▶ REQUIREMENT:
Everything in the data below is left aside except the lines from the one containing "then show ?case by simp" through the one containing "distinct p \<and>"; repeat those exactly.

——————————

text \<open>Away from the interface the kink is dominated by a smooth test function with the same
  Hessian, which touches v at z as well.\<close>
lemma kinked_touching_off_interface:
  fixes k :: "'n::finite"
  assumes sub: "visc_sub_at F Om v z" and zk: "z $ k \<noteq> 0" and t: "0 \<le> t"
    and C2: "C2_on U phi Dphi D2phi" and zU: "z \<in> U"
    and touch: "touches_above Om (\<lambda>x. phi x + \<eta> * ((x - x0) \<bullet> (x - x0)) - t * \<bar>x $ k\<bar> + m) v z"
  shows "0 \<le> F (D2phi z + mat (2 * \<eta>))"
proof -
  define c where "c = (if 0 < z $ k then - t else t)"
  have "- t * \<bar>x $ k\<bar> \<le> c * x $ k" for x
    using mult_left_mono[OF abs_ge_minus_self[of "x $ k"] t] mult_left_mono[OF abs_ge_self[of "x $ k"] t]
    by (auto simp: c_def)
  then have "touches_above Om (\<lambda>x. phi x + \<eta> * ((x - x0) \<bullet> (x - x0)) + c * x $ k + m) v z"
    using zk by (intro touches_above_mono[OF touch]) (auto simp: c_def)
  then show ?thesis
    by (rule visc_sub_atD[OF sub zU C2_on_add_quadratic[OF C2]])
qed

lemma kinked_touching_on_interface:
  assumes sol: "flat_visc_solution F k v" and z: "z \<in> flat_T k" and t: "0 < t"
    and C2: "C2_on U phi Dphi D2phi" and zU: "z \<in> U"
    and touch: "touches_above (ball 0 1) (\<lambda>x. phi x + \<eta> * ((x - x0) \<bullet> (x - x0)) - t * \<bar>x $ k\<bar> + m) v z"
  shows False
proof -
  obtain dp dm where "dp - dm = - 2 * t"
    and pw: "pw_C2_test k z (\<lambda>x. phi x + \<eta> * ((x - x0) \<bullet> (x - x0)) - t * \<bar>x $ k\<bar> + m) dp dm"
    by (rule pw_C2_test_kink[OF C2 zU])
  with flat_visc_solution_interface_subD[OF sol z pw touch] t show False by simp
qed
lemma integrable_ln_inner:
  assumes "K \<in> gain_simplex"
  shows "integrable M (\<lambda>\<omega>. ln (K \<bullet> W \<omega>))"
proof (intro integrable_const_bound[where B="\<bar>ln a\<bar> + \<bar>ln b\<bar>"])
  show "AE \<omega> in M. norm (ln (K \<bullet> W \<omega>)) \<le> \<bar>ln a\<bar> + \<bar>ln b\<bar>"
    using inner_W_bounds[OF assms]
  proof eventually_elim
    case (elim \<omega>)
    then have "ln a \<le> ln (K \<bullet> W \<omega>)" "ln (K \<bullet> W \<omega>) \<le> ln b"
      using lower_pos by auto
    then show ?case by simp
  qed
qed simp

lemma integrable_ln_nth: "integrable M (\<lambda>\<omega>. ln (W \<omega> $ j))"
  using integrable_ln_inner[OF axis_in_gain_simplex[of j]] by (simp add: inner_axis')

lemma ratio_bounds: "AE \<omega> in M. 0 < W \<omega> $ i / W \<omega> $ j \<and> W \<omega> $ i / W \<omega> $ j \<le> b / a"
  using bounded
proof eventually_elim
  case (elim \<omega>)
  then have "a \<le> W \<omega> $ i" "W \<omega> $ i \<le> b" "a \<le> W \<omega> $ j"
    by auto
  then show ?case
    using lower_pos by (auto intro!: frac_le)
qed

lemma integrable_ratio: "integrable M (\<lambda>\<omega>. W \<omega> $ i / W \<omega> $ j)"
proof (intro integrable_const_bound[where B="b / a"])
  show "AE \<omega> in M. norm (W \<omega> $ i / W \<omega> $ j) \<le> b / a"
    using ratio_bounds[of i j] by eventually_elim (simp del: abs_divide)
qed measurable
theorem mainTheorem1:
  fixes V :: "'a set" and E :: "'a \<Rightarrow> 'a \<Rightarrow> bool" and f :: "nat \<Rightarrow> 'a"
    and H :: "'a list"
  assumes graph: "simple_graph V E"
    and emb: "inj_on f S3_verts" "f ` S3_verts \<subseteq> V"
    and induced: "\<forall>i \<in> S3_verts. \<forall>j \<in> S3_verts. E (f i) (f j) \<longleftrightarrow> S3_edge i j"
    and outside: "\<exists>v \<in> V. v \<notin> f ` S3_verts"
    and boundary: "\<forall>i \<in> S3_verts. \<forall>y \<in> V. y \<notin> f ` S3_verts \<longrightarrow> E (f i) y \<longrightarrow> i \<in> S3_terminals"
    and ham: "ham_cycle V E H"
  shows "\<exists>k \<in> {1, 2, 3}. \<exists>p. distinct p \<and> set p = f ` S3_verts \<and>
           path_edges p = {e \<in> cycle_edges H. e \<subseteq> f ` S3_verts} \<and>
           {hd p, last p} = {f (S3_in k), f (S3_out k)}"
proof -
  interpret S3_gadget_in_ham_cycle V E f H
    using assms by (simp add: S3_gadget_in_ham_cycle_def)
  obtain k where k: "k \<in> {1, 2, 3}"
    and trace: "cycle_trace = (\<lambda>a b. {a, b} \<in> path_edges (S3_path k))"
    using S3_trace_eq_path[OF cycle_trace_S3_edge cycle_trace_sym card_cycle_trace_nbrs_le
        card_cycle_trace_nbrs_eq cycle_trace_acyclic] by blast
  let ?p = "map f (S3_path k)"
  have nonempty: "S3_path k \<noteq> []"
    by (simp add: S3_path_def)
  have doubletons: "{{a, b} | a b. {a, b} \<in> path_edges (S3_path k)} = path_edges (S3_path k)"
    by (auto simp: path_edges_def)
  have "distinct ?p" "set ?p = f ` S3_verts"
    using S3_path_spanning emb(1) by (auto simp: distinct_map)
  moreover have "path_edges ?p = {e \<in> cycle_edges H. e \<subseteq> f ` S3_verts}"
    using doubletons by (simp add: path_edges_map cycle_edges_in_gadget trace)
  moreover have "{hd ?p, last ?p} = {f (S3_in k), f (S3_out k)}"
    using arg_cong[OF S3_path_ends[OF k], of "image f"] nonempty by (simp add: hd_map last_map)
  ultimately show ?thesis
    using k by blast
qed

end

——————————

▶ TASK SOLUTION:
    then show ?case by simp
  qed
qed simp

lemma integrable_ln_nth: "integrable M (\<lambda>\<omega>. ln (W \<omega> $ j))"
  using integrable_ln_inner[OF axis_in_gain_simplex[of j]] by (simp add: inner_axis')

lemma ratio_bounds: "AE \<omega> in M. 0 < W \<omega> $ i / W \<omega> $ j \<and> W \<omega> $ i / W \<omega> $ j \<le> b / a"
  using bounded
proof eventually_elim
  case (elim \<omega>)
  then have "a \<le> W \<omega> $ i" "W \<omega> $ i \<le> b" "a \<le> W \<omega> $ j"
    by auto
  then show ?case
    using lower_pos by (auto intro!: frac_le)
qed

lemma integrable_ratio: "integrable M (\<lambda>\<omega>. W \<omega> $ i / W \<omega> $ j)"
proof (intro integrable_const_bound[where B="b / a"])
  show "AE \<omega> in M. norm (W \<omega> $ i / W \<omega> $ j) \<le> b / a"
    using ratio_bounds[of i j] by eventually_elim (simp del: abs_divide)
qed measurable
theorem mainTheorem1:
  fixes V :: "'a set" and E :: "'a \<Rightarrow> 'a \<Rightarrow> bool" and f :: "nat \<Rightarrow> 'a"
    and H :: "'a list"
  assumes graph: "simple_graph V E"
    and emb: "inj_on f S3_verts" "f ` S3_verts \<subseteq> V"
    and induced: "\<forall>i \<in> S3_verts. \<forall>j \<in> S3_verts. E (f i) (f j) \<longleftrightarrow> S3_edge i j"
    and outside: "\<exists>v \<in> V. v \<notin> f ` S3_verts"
    and boundary: "\<forall>i \<in> S3_verts. \<forall>y \<in> V. y \<notin> f ` S3_verts \<longrightarrow> E (f i) y \<longrightarrow> i \<in> S3_terminals"
    and ham: "ham_cycle V E H"
  shows "\<exists>k \<in> {1, 2, 3}. \<exists>p. distinct p \<and> set p = f ` S3_verts \<and>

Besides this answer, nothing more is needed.